Dell’s board of directors had delayed the vote three times over the summer as large-scale investors Carl Icahn, T. Rowe Price and others pressured Dell to keep the company public. But an improved bid to $13.75 per share and an earnest request to the board by Dell and Silver Lake resulted in a new set of rules that counted only votes cast. Previously, a no-show shareholder was counted as a “no” in the voting rules.
Dell’s stock was flat at $13.86 on Sept. 12.
In an answer to a question about what Dell will look like as a restructured, privately held company, Dell CFO Brian Gladden said, “We see the value of the broad portfolio and we’ll continue to take a leadership role in the PC business and end-user computing devices. We think that’s an important part of the portfolio; it’s not a part of the business we’re trying to shrink.
Gaining Market Share in PC Business
“We’ve gained [market]share sequentially year over year in that market; we continue to make large investments in R&D and sales capacity around the enterprise solutions and services business,” Gladden said. “What we’ve seen over the last three to four years is that part of the market is growing faster, we’ve made investments that have accelerated our growth—in some areas faster than the market—and we think that will grow to be a bigger share of the business.”
With PC sales in a two-year slump and increasing competition from the smartphone and tablet PC markets—neither of which shows Dell as a major player—where does Dell expect new sales growth to emanate?
“Look, we play in a $3 trillion industry [the IT industry as a whole],” Gladden said. “There’s really no competitor that has more than 3 percent of that $3 trillion. We all expect that there will continue to be growth in that space.

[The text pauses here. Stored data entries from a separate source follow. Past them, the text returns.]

lemma vsub_mem_lines_trans:
  assumes "N > 0" "L \<in> lines N" "vsub N p q \<in> L" "vsub N q s \<in> L" shows "vsub N p s \<in> L"
proof -
  obtain k where k: "\<And>u v. vsub N u v \<in> L \<longleftrightarrow> in_dir N k (fst u - fst v) (snd u - snd v)"
    using lines_obtain_dir[OF assms(1,2)] by metis
  have "in_dir N k (fst p - fst q) (snd p - snd q)" "in_dir N k (fst q - fst s) (snd q - snd s)"
    using assms(3,4) k[of p q] k[of q s] by blast+
  from in_dir_add[OF this] have "in_dir N k (fst p - fst s) (snd p - snd s)" by simp
  then show ?thesis using k[of p s] by blast
qed

lemma vsub_mem_distinct_lines:
  assumes "prime N" "L \<in> lines N" "M \<in> lines N" "L \<noteq> M" "p \<in> Vsp N" "q \<in> Vsp N"
    and "vsub N p q \<in> L" "vsub N p q \<in> M"
  shows "p = q"
proof -
  have N: "N > 0" using assms(1) prime_gt_0_nat by blast
  obtain k where k: "k \<in> {0..int N}" "L = line_of N k"
    "\<And>u v. vsub N u v \<in> L \<longleftrightarrow> in_dir N k (fst u - fst v) (snd u - snd v)"
    using lines_obtain_dir[OF N assms(2)] by metis
  obtain k' where k': "k' \<in> {0..int N}" "M = line_of N k'"
    "\<And>u v. vsub N u v \<in> M \<longleftrightarrow> in_dir N k' (fst u - fst v) (snd u - snd v)"
    using lines_obtain_dir[OF N assms(3)] by metis
  have "k \<noteq> k'" using assms(4) k(2) k'(2) by blast
  moreover have "in_dir N k (fst p - fst q) (snd p - snd q)" "in_dir N k' (fst p - fst q) (snd p - snd q)"
    using assms(7,8) k(3)[of p q] k'(3)[of p q] by blast+
  ultimately have "int N dvd fst p - fst q \<and> int N dvd snd p - snd q"
    by (rule in_dir_distinct_dvd[OF assms(1) k(1) k'(1)])
  then show ?thesis using Vsp_eqI[OF assms(5,6)] by blast
qed

lemma vadd_mem_Vsp: "N > 0 \<Longrightarrow> vadd N x v \<in> Vsp N"
  unfolding vadd_def Vsp_def by auto

lemma vsub_vadd: assumes "x \<in> Vsp N" shows "vsub N (vadd N x v) v = x"
proof -
  have "((a + b) mod int N - b) mod int N = a mod int N" for a b
    by (metis add_diff_cancel_right' mod_diff_left_eq)
  then show ?thesis using assms unfolding vsub_def vadd_def Vsp_def by (cases x) auto
qed

lemma vadd_vsub: assumes "p \<in> Vsp N" shows "vadd N (vsub N p v) v = p"
proof -
  have "((a - b) mod int N + b) mod int N = a mod int N" for a b
    by (metis diff_add_cancel mod_add_left_eq)
  then show ?thesis using assms unfolding vsub_def vadd_def Vsp_def by (cases p) auto
qed

lemma mem_shift_iff:
  assumes "N > 0" "L \<in> lines N"
  shows "p \<in> shift N L v \<longleftrightarrow> p \<in> Vsp N \<and> vsub N p v \<in> L"
proof
  assume "p \<in> shift N L v"
  then obtain x where x: "x \<in> L" "p = vadd N x v" unfolding shift_def by auto
  then have "vsub N p v = x" using lines_subset_Vsp[OF assms] vsub_vadd by blast
  then show "p \<in> Vsp N \<and> vsub N p v \<in> L" using x vadd_mem_Vsp[OF assms(1)] by simp
next
  assume "p \<in> Vsp N \<and> vsub N p v \<in> L"
  then show "p \<in> shift N L v" unfolding shift_def using vadd_vsub by (metis image_eqI)
qed

lemma mem_shift_self: "N > 0 \<Longrightarrow> L \<in> lines N \<Longrightarrow> v \<in> Vsp N \<Longrightarrow> v \<in> shift N L v"
  using mem_shift_iff vsub_self_mem_lines by blast

lemma shift_inj_lines:
  assumes "N > 0" "L \<in> lines N" "M \<in> lines N" "shift N L v = shift N M v"
  shows "L = M"
proof -
  have "x \<in> L \<longleftrightarrow> x \<in> M" if "x \<in> Vsp N" for x
    using mem_shift_iff[OF assms(1,2), of "vadd N x v" v] mem_shift_iff[OF assms(1,3), of "vadd N x v" v]
      assms(4) vsub_vadd[OF that] vadd_mem_Vsp[OF assms(1)] by auto
  then show ?thesis using lines_subset_Vsp[OF assms(1)] assms(2,3) by blast
qed

lemma shift_distinct_lines_inter:
  assumes "prime N" "L \<in> lines N" "M \<in> lines N" "L \<noteq> M"
    and "p \<in> shift N L a" "p \<in> shift N M b" "q \<in> shift N L a" "q \<in> shift N M b"
  shows "p = q"
proof -
  have N: "N > 0" using assms(1) prime_gt_0_nat by blast
  have "vsub N p q \<in> K" if "K \<in> lines N" "p \<in> shift N K c" "q \<in> shift N K c" for K c
    using that mem_shift_iff[OF N] vsub_mem_lines_sym[OF N] vsub_mem_lines_trans[OF N] by meson
  then show ?thesis
    using vsub_mem_distinct_lines[OF assms(1-4)] assms(2,3,5-8) mem_shift_iff[OF N] by meson
qed

lemma shift_distinct_lines_inter_base:
  assumes "prime N" "L \<in> lines N" "M \<in> lines N" "L \<noteq> M" "c \<in> Vsp N"
    and "p \<in> shift N L c" "p \<in> shift N M c"
  shows "p = c"
  using shift_distinct_lines_inter[OF assms(1-4,6,7)] mem_shift_self assms(1-3,5)
  by (simp add: prime_gt_0_nat)

lemma generic_mem_shift:
  assumes "N > 0" "L \<in> lines N" "generic N X L" "v \<in> X" "w \<in> X" "v \<in> shift N L w"
  shows "v = w"
  using assms mem_shift_iff unfolding generic_def by blast

lemma generic_shift_inter:
  assumes "N > 0" "L \<in> lines N" "generic N X L" "a \<in> X" "b \<in> X"
    and "p \<in> shift N L a" "p \<in> shift N L b"
  shows "a = b"
proof -
  have "vsub N a b \<in> L"
    using assms(6,7) mem_shift_iff[OF assms(1,2)]
      vsub_mem_lines_sym[OF assms(1,2)] vsub_mem_lines_trans[OF assms(1,2)] by meson
  then show ?thesis using assms(3-5) unfolding generic_def by blast
qed

section \<open>Incidences of the family\<close>

lemma incidence_number_family_mem:
  assumes "N > 0" "X \<subseteq> Vsp N" "Ls \<subseteq> lines N" "\<forall>L\<in>Ls. generic N X L" "v \<in> X"
  shows "incidence_number (family N X Ls) v = card Ls"
proof -
  have "{l \<in> family N X Ls. v \<in> l} = (\<lambda>L. shift N L v) ` Ls"
  proof (intro equalityI subsetI)
    fix l assume "l \<in> {l \<in> family N X Ls. v \<in> l}"
    then obtain w L where "w \<in> X" "L \<in> Ls" "l = shift N L w" "v \<in> l"
      unfolding family_def by blast
    moreover from this have "v = w" using generic_mem_shift[OF assms(1)] assms(3-5) by blast
    ultimately show "l \<in> (\<lambda>L. shift N L v) ` Ls" by blast
  next
    fix l assume "l \<in> (\<lambda>L. shift N L v) ` Ls"
    then obtain L where "L \<in> Ls" "l = shift N L v" by blast
    moreover from this have "v \<in> l" using mem_shift_self[OF assms(1)] assms(2,3,5) by blast
    ultimately show "l \<in> {l \<in> family N X Ls. v \<in> l}" using assms(5) unfolding family_def by blast
  qed
  moreover have "inj_on (\<lambda>L. shift N L v) Ls"
    using shift_inj_lines[OF assms(1)] assms(3) by (meson inj_onI subsetD)
  ultimately show ?thesis unfolding incidence_number_def by (simp add: card_image)
qed

lemma incidence_number_family_eq_card:
  assumes "N > 0" "Ls \<subseteq> lines N" "\<forall>L\<in>Ls. generic N X L" "finite Ls"
    and "incidence_number (family N X Ls) p = card Ls"
  shows "\<forall>L\<in>Ls. \<exists>w\<in>X. p \<in> shift N L w"
proof -
  define Ls' where "Ls' = {L\<in>Ls. \<exists>w\<in>X. p \<in> shift N L w}"
  define base where "base L = (SOME w. w \<in> X \<and> p \<in> shift N L w)" for L
  have cover: "{l \<in> family N X Ls. p \<in> l} \<subseteq> (\<lambda>L. shift N L (base L)) ` Ls'"
  proof
    fix l assume "l \<in> {l \<in> family N X Ls. p \<in> l}"
    then obtain w L where wL: "w \<in> X" "L \<in> Ls" "l = shift N L w" "p \<in> l"
      unfolding family_def by blast
    then have "w \<in> X \<and> p \<in> shift N L w" by blast
    then have "base L \<in> X \<and> p \<in> shift N L (base L)" unfolding base_def by (rule someI)
    then have "base L = w" using generic_shift_inter[OF assms(1)] wL assms(2,3) by blast
    moreover have "L \<in> Ls'" unfolding Ls'_def using wL by blast
    ultimately show "l \<in> (\<lambda>L. shift N L (base L)) ` Ls'" using wL by blast
  qed
  have "finite Ls'" using assms(4) unfolding Ls'_def by simp
  have "card Ls = card {l \<in> family N X Ls. p \<in> l}"
    using assms(5) unfolding incidence_number_def by simp
  also have "\<dots> \<le> card ((\<lambda>L. shift N L (base L)) ` Ls')"
    by (rule card_mono[OF finite_imageI[OF \<open>finite Ls'\<close>] cover])
  also have "\<dots> \<le> card Ls'" by (rule card_image_le[OF \<open>finite Ls'\<close>])
  finally have "card Ls \<le> card Ls'" .
  moreover have "Ls' \<subseteq> Ls" unfolding Ls'_def by blast
  ultimately have "Ls' = Ls" using card_seteq[OF assms(4)] by blast
  then show ?thesis unfolding Ls'_def by blast
qed

text \<open>Points of \<open>X\<close> always have full incidence, so imperfection means an extra point of full
  incidence.\<close>

lemma imperfect_witness:
  assumes "prime N" "X \<subseteq> Vsp N" "L \<in> lines N" "M \<in> lines N" "M' \<in> lines N"
    and "L \<noteq> M" "L \<noteq> M'" "M \<noteq> M'" "generic N X L" "generic N X M" "generic N X M'"
    and "\<not> perfect N X {L, M, M'}"
  obtains a b c p where "a \<in> X" "b \<in> X" "c \<in> X" "a \<noteq> b" "a \<noteq> c" "b \<noteq> c" "p \<notin> X"
    "p \<in> shift N L a" "p \<in> shift N M b" "p \<in> shift N M' c"
proof -
  have N: "N > 0" using assms(1) prime_gt_0_nat by blast
  define Ls where "Ls = {L, M, M'}"
  have Ls: "card Ls = 3" "finite Ls" "Ls \<subseteq> lines N" "\<forall>L\<in>Ls. generic N X L"
    unfolding Ls_def using assms(3-11) by auto
  define S where "S = {p. incidence_point N (family N X Ls) p \<and> incidence_number (family N X Ls) p = card Ls}"
  have "X \<subseteq> S"
    using incidence_number_family_mem[OF N assms(2) Ls(3,4)] Ls(1) assms(2)
    unfolding S_def incidence_point_def by auto
  moreover have "S \<noteq> X" using assms(12) unfolding perfect_def S_def Ls_def by simp
  ultimately obtain p where p: "p \<in> S" "p \<notin> X" by blast
  then have "\<forall>K\<in>Ls. \<exists>w\<in>X. p \<in> shift N K w"
    using incidence_number_family_eq_card[OF N Ls(3,4,2)] unfolding S_def by blast
  then obtain a b c where abc: "a \<in> X" "b \<in> X" "c \<in> X"
    "p \<in> shift N L a" "p \<in> shift N M b" "p \<in> shift N M' c"
    unfolding Ls_def by blast
  have distinct: "x \<noteq> y" if "K \<in> lines N" "K' \<in> lines N" "K \<noteq> K'" "x \<in> X" "y \<in> X"
    "p \<in> shift N K x" "p \<in> shift N K' y" for K K' x y
    using shift_distinct_lines_inter_base[OF assms(1) that(1-3)] that(4-7) p(2) assms(2) by blast
  have "a \<noteq> b" by (rule distinct[OF assms(3,4,6) abc(1,2,4,5)])
  moreover have "a \<noteq> c" by (rule distinct[OF assms(3,5,7) abc(1,3,4,6)])
  moreover have "b \<noteq> c" by (rule distinct[OF assms(4,5,8) abc(2,3,5,6)])
  ultimately show ?thesis using abc p(2) by (intro that)
qed

lemma imperfect_third_line_unique:
  assumes "prime N" "X \<subseteq> Vsp N" "L \<in> lines N" "M \<in> lines N" "L \<noteq> M"
    and "K \<in> lines N" "K' \<in> lines N" "c \<in> X" "p \<notin> X"
    and "p \<in> shift N L a" "p \<in> shift N M b" "p \<in> shift N K c"
    and "q \<in> shift N L a" "q \<in> shift N M b" "q \<in> shift N K' c"
  shows "K' = K"
proof (rule ccontr)
  assume "K' \<noteq> K"
  have "q = p" using shift_distinct_lines_inter[OF assms(1,3-5,13,14,10,11)] .
  then have "p = c"
    using shift_distinct_lines_inter_base[OF assms(1,7,6) \<open>K' \<noteq> K\<close>] assms(2,8,12,15) by blast
  then show False using assms(8,9) by simp
qed

section \<open>Counting\<close>

lemma card_Sigma_distinct_pairs:
  assumes "finite A" shows "card (SIGMA a:A. A - {a}) = card A * (card A - 1)"
proof -
  have "card (SIGMA a:A. A - {a}) = (\<Sum>a\<in>A. card (A - {a}))"
    using assms by (simp add: card_SigmaI)
  also have "\<dots> = (\<Sum>a\<in>A. card A - 1)" using assms by (intro sum.cong) auto
  finally show ?thesis by simp
qed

“IT spending is going to continue to grow; the breadth of our portfolio—it’s obviously more than PCs now. Exposure to the data center, to the key trends that are driving IT spending today—like the cloud, like virtualization—and the items we bring to the market give us a chance to get more than our fair share of the $3 trillion market opportunity,” Gladden said.
‘Roadkill’ to Other Competitors?
Asked a pointed question why Dell won’t eventually become “roadkill” to other companies such as Microsoft, IBM and Hewlett-Packard, because those publicly traded companies are much larger, produce many of the same products and can tap equity from the public markets, Gladden said, “Our strategies are a bit differentiated.
“In many ways what we’ve built over the years looks like competitors’ offerings, but it is very focused on scalable, open technologies, faster time to value for customers, and ultimately well-positioned with a large base of midmarket customers who value what we bring,” Gladden said. “I think that’s differentiated; we hear that from customers. That’s not to say we don’t scale up into large accounts and can’t serve down to consumers and BYOD or other parts of our business.
“Practical innovation, being efficient and affordable, and building on the direct relationships we have. Which is very different from what our competitors do.”
On Sept. 9, activist investor Icahn gave up his long-shot bid to derail Michael Dell’s $25 billion proposal to buy back the world’s third-largest PC maker, though not without taking a few swipes at the CEO and the company’s board on the way out.
Icahn ended up getting what he wanted, however, helping force up the stock price after buying more than $1 billion worth and becoming Dell’s second-largest investor for a short time.